Es gibt seit Jahren Anzeichen dafür, dass der Staatsdirigismus im
Schulwesen an seine Grenzen gestoßen ist. Eltern wehren sich gegen die
Sprengelpflicht. Ganze Lehrerkollegien gehen in die innere Emigration.
Es bräuchte einen Mentalitätswechsel.
GUTE BILDUNG ZUR
CHEFSACHE MACHEN
Warum setzen wir nicht auf mehr Eigeninitiative und schaffen entsprechende
Anreize? Das Brennpunktschulprogramm zum Beispiel ist gut, heilt aber nur
offene Wunden. Warum ermutigen wir nicht Schulen in der ganzen Stadt,
sich aktiv um eine buntere Schülerschaft und um geeignete Formen schulischer Förderung unabhängig von Elternhaus und sozialem Umfeld zu bemühen? Lernen in Vielfalt ist eine Grundbedingung guter Bildung.
Dies erfordert allerdings ein verändertes Selbstverständnis von Leitung auf den verschiedenen Ebenen. Schon die Unklarheit, wann die Schulverwaltung in ihrer Aufsichtsfunktion für die Qualität des gesamten Schulsystems auftritt und aus welchen Maßnahmen der staatliche Schulbetreiber
spricht, ist nicht hilfreich. Eine klare Rollentrennung von Aufsicht und Schulbetreiber wäre ein wichtiger Schritt. Die Entwicklung von Potenzialen in den
Schulen, aber auch Selbstbegrenzungen gelingen nur, wo Schulleitung auf
der Basis klarer Kompetenzen ausgeübt und in die strategische Planung ihres
Schulstandortes einbezogen wird. Derzeit sind die Anreize, beginnend beim
Lohngefälle bis hin zum Mangel an Gestaltungsspielräumen, so gesetzt, dass
es sich nicht lohnt, in Schulen Leitungsverantwortung zu übernehmen. Einzelne Lehrende oder ganze Kollegien sehen sich oftmals mit unmöglichen
Situationen alleingelassen.

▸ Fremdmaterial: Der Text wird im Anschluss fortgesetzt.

(* In the message-passing model (already with $k=2$ sites), without edge duplication, any randomized protocol that decides with error probability at most $1/3$ on every input whether the graph $G$ (with $n$ vertices and $m$ edges) contains a cycle uses $\Omega(\min\{m,n\})$ bits of communication.
   Context: Message-passing model: $k$ sites $P_1,\dots,P_k$, each holding a private input; two-way point-to-point channels between every pair of sites; at the end some site outputs the answer; cost is total bits exchanged. Graph setting: $G=(V,E)$ is an undirected graph with $|V|=n$, $|E|=m$; each site $P_i$ holds a subgraph $G_i\subseteq G$ on the common vertex set, and $G$ is the union of the $G_i$. "Without edge duplication" means the edge sets of the $G_i$ are pairwise disjoint. $R^{\delta}(g)$ denotes the minimum, over randomized protocols that on every input output $g$ correctly with probability at least $1-\delta$, of the maximum communication over all inputs and random choices. *)

theory Defs
  imports "HOL-Probability.Probability"
begin

text \<open>A node owned by site 1 (resp. site 2) sends one bit computed from that site's
  private input; the history is encoded by the position in the tree.\<close>
datatype ('a, 'b) proto =
    Out bool
  | Send1 "'a \<Rightarrow> bool" "('a, 'b) proto" "('a, 'b) proto"
  | Send2 "'b \<Rightarrow> bool" "('a, 'b) proto" "('a, 'b) proto"

fun run :: "('a, 'b) proto \<Rightarrow> 'a \<Rightarrow> 'b \<Rightarrow> bool" where
  "run (Out r) x y = r"
| "run (Send1 f p0 p1) x y = (if f x then run p1 x y else run p0 x y)"
| "run (Send2 g p0 p1) x y = (if g y then run p1 x y else run p0 x y)"

fun cost :: "('a, 'b) proto \<Rightarrow> 'a \<Rightarrow> 'b \<Rightarrow> nat" where
  "cost (Out r) x y = 0"
| "cost (Send1 f p0 p1) x y = Suc (if f x then cost p1 x y else cost p0 x y)"
| "cost (Send2 g p0 p1) x y = Suc (if g y then cost p1 x y else cost p0 x y)"

definition edges_on :: "nat \<Rightarrow> nat set set" where
  "edges_on n = {{u, v} | u v. u \<noteq> v \<and> u < n \<and> v < n}"

definition has_cycle :: "nat set set \<Rightarrow> bool" where
  "has_cycle E \<longleftrightarrow> (\<exists>vs. 3 \<le> length vs \<and> distinct vs \<and>
     (\<forall>i < length vs. {vs ! i, vs ! ((i + 1) mod length vs)} \<in> E))"

text \<open>Valid inputs: site 1 holds E1, site 2 holds E2, edge-disjoint (no edge
  duplication), graph on n vertices with at most m edges.\<close>
definition valid_input :: "nat \<Rightarrow> nat \<Rightarrow> nat set set \<Rightarrow> nat set set \<Rightarrow> bool" where
  "valid_input n m E1 E2 \<longleftrightarrow> E1 \<subseteq> edges_on n \<and> E2 \<subseteq> edges_on n \<and>
     E1 \<inter> E2 = {} \<and> card (E1 \<union> E2) \<le> m"

text \<open>A (public-coin) randomized protocol is a distribution over deterministic
  protocols; it decides cycle-freeness with error at most delta on every valid input.\<close>
definition decides_cycle :: "nat \<Rightarrow> nat \<Rightarrow> real \<Rightarrow> (nat set set, nat set set) proto pmf \<Rightarrow> bool" where
  "decides_cycle n m \<delta> P \<longleftrightarrow> (\<forall>E1 E2. valid_input n m E1 E2 \<longrightarrow>
     measure_pmf.prob P {p. run p E1 E2 = has_cycle (E1 \<union> E2)} \<ge> 1 - \<delta>)"

end

theory Submission
  imports Defs
begin

text \<open>A reduction from inner product mod 2. For \<open>x, y \<subseteq> {..<k}\<close> the two sites build a ladder
  graph with \<open>4k + 2\<close> vertices and at most \<open>4k + 1\<close> edges in which the walk from vertex 0
  switches track exactly at the levels in \<open>x \<inter> y\<close>; a closing edge turns the walk into a cycle
  iff \<open>card (x \<inter> y)\<close> is even, and otherwise the graph is a forest. By Lindsey's lemma every
  rectangle of the inner product matrix has discrepancy at most \<open>2 ^ (3k/2)\<close>, whereas a protocol
  of cost \<open>d\<close> splits the input matrix into \<open>2 ^ d\<close> rectangles on which its output is constant.
  Being correct with probability \<open>2/3\<close> on all \<open>4 ^ k\<close> inputs thus forces
  \<open>4 ^ k / 3 \<le> 2 ^ d * 2 ^ (3k/2)\<close>, i.e. \<open>d = \<Omega>(k) = \<Omega>(min m n)\<close>.\<close>

section \<open>Cycles\<close>

text \<open>Both cycle neighbours of a vertex of maximal rank would have to be its parent.\<close>
lemma no_cycle_if_parent_ranking:
  fixes rank :: "nat \<Rightarrow> 'r::linorder"
  assumes ranked: "\<And>a b. {a, b} \<in> E \<Longrightarrow> a \<noteq> b \<Longrightarrow>
    rank a \<noteq> rank b \<and> (rank a < rank b \<longrightarrow> a = parent b)"
  shows "\<not> has_cycle E"
proof
  assume "has_cycle E"
  then obtain vs where len: "3 \<le> length vs" and dist: "distinct vs"
    and edge: "\<forall>i < length vs. {vs ! i, vs ! ((i + 1) mod length vs)} \<in> E"
    unfolding has_cycle_def by blast
  define l where "l = length vs"
  have "Max (rank ` set vs) \<in> rank ` set vs"
    using len by (intro Max_in) auto
  then obtain j where j: "j < l" and top: "rank (vs ! j) = Max (rank ` set vs)"
    by (auto simp: in_set_conv_nth l_def)
  have below_top: "rank (vs ! i) \<le> rank (vs ! j)" if "i < l" for i
    using that top by (simp add: l_def)
  define nxt where "nxt = (if j + 1 = l then 0 else j + 1)"
  define prv where "prv = (if j = 0 then l - 1 else j - 1)"
  have idx: "nxt < l" "prv < l" "nxt \<noteq> j" "prv \<noteq> j" "nxt \<noteq> prv"
    using len j by (auto simp: nxt_def prv_def l_def)
  have "(j + 1) mod l = nxt" "(prv + 1) mod l = j"
    using len j by (auto simp: nxt_def prv_def l_def)
  then have "{vs ! nxt, vs ! j} \<in> E" "{vs ! prv, vs ! j} \<in> E"
    using edge j idx unfolding l_def by (metis insert_commute)+
  moreover have "vs ! nxt \<noteq> vs ! j" "vs ! prv \<noteq> vs ! j" "vs ! nxt \<noteq> vs ! prv"
    using dist idx j by (auto simp: nth_eq_iff_index_eq l_def)
  moreover have to_parent: "vs ! i = parent (vs ! j)"
    if "i < l" "{vs ! i, vs ! j} \<in> E" "vs ! i \<noteq> vs ! j" for i
    using ranked[OF that(2,3)] below_top[OF that(1)] by auto
  ultimately have "vs ! nxt = parent (vs ! j)" "vs ! prv = parent (vs ! j)"
    using idx by blast+
  with \<open>vs ! nxt \<noteq> vs ! prv\<close> show False by simp
qed

definition simple_path :: "nat set set \<Rightarrow> nat set \<Rightarrow> nat list \<Rightarrow> bool" where
  "simple_path E S ps \<longleftrightarrow> distinct ps \<and> set ps \<subseteq> S \<and>
     (\<forall>i. Suc i < length ps \<longrightarrow> {ps ! i, ps ! Suc i} \<in> E)"

text \<open>The first vertex of a longest path in \<open>S\<close> has a neighbour in \<open>S\<close> other than the second
  vertex; by maximality it lies on the path, which closes a cycle.\<close>
lemma has_cycle_if_min_degree_two:
  assumes fin: "finite S" and v0: "v0 \<in> S"
    and two_nbrs: "\<And>v. v \<in> S \<Longrightarrow> \<exists>a b. a \<in> S \<and> b \<in> S \<and> a \<noteq> b \<and> a \<noteq> v \<and> b \<noteq> v \<and>
      {v, a} \<in> E \<and> {v, b} \<in> E"
  shows "has_cycle E"
proof -
  define has_path where "has_path = (\<lambda>l. \<exists>ps. simple_path E S ps \<and> length ps = l)"
  have one: "has_path 1"
    unfolding has_path_def simple_path_def using v0 by (intro exI[of _ "[v0]"]) auto
  have bounded: "\<forall>l. has_path l \<longrightarrow> l \<le> card S"
  proof (intro allI impI)
    fix l assume path: "has_path l"
    obtain ps where "simple_path E S ps" "length ps = l"
      using path unfolding has_path_def by blast
    then show "l \<le> card S"
      using fin card_mono distinct_card unfolding simple_path_def by metis
  qed
  obtain L where "has_path L" and longest: "\<forall>l. has_path l \<longrightarrow> l \<le> L"
    using Nat.ex_has_greatest_nat[OF one bounded] by blast
  then obtain ps where ps: "simple_path E S ps" "length ps = L"
    unfolding has_path_def by blast
  have "L \<ge> 1" using one longest by auto
  define v where "v = ps ! 0"
  have "v \<in> S"
    using ps \<open>L \<ge> 1\<close> unfolding simple_path_def v_def by (metis One_nat_def Suc_le_eq in_mono nth_mem)
  then obtain w where w: "w \<in> S" "w \<noteq> v" "{v, w} \<in> E" "2 \<le> L \<longrightarrow> w \<noteq> ps ! 1"
    using two_nbrs by metis
  show ?thesis
  proof (cases "w \<in> set ps")
    case False
    have "simple_path E S (w # ps)"
      using ps w False unfolding simple_path_def v_def
      by (auto simp: nth_Cons split: nat.splits) (metis insert_commute)+
    then have "has_path (Suc L)" unfolding has_path_def using ps by (intro exI[of _ "w # ps"]) auto
    with longest show ?thesis by fastforce
  next
    case True
    then obtain j where j: "j < L" "ps ! j = w" using ps by (auto simp: in_set_conv_nth)
    have "j \<noteq> 0" using j(2) w(2) v_def by metis
    moreover have "j \<noteq> 1"
    proof
      assume "j = 1"
      with j have "2 \<le> L" "ps ! 1 = w" by auto
      with w(4) show False by blast
    qed
    define vs where "vs = take (j + 1) ps"
    have len: "length vs = j + 1" using j ps by (simp add: vs_def)
    show ?thesis unfolding has_cycle_def
    proof (intro exI[of _ vs] conjI allI impI)
      show "3 \<le> length vs" using len \<open>j \<noteq> 0\<close> \<open>j \<noteq> 1\<close> by simp
      show "distinct vs" using ps unfolding vs_def simple_path_def by simp
      fix i assume "i < length vs"
      then consider "i = j" | "i < j" using len by linarith
      then show "{vs ! i, vs ! ((i + 1) mod length vs)} \<in> E"
      proof cases
        case 1
        then show ?thesis using len w j unfolding vs_def v_def by (simp add: insert_commute)
      next
        case 2
        then show ?thesis using len ps j unfolding vs_def simple_path_def by auto
      qed
    qed
  qed
qed

section \<open>The ladder gadget\<close>

text \<open>Level \<open>i\<close> has the vertices \<open>vert i 0\<close> and \<open>vert i 1\<close> of tracks 0 and 1, and
  \<open>vert i 2\<close>, \<open>vert i 3\<close> through which Alice hands the tracks over to Bob when \<open>i \<in> x\<close>;
  Bob leads them on to level \<open>i + 1\<close>, crossing them iff \<open>i \<in> y\<close>.\<close>
definition vert :: "nat \<Rightarrow> nat \<Rightarrow> nat" where
  "vert i c = 4 * i + c"

lemma vert_div [simp]: "c < 4 \<Longrightarrow> vert i c div 4 = i"
  and vert_mod [simp]: "c < 4 \<Longrightarrow> vert i c mod 4 = c"
  unfolding vert_def by auto

lemma vert_eq_iff [simp]: "c < 4 \<Longrightarrow> d < 4 \<Longrightarrow> vert i c = vert j d \<longleftrightarrow> i = j \<and> c = d"
  by (metis vert_div vert_mod)

text \<open>The track on which the walk from \<open>vert 0 0\<close> reaches level \<open>i\<close>.\<close>
fun track :: "nat set \<Rightarrow> nat set \<Rightarrow> nat \<Rightarrow> bool" where
  "track x y 0 = False"
| "track x y (Suc i) = (track x y i \<noteq> (i \<in> x \<and> i \<in> y))"

lemma track_iff_odd_card: "track x y i \<longleftrightarrow> odd (card (x \<inter> y \<inter> {..<i}))"
proof (induction i)
  case (Suc i)
  have "x \<inter> y \<inter> {..<Suc i} =
      (if i \<in> x \<and> i \<in> y then insert i (x \<inter> y \<inter> {..<i}) else x \<inter> y \<inter> {..<i})"
    by (auto simp: less_Suc_eq)
  with Suc show ?case by auto
qed simp

definition alice_edges :: "nat \<Rightarrow> nat set \<Rightarrow> nat set set" where
  "alice_edges k x = insert {vert 0 0, vert k 0} (\<Union>i<k.
     if i \<in> x then {{vert i 0, vert i 2}, {vert i 1, vert i 3}}
     else {{vert i 0, vert (Suc i) 0}, {vert i 1, vert (Suc i) 1}})"

definition bob_edges :: "nat \<Rightarrow> nat set \<Rightarrow> nat set set" where
  "bob_edges k y = (\<Union>i<k.
     if i \<in> y then {{vert i 2, vert (Suc i) 1}, {vert i 3, vert (Suc i) 0}}
     else {{vert i 2, vert (Suc i) 0}, {vert i 3, vert (Suc i) 1}})"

Ein Change-Prozess unter diesen Vorzeichen
kann nicht gelingen. Dabei hat Berlin viele sehr motivierte, sehr engagierte
und kompetente Lehrende. Dieses Personal gilt es zu stärken und weiterzuentwickeln. Eltern, Lernende und Lehrende verdienen als Gegenüber ein
Führungspersonal, das Verantwortung übernimmt und Gestaltungsspielräume ausmisst. Eine sinnvolle Führungsstruktur setzt jedoch voraus, dass
Bildungspolitik wieder zur Chefsache wird in den Parteien. Kennen Sie einen
wirklich profilierten Bildungspolitiker, seit Annette Schavan das Feld verlassen hat?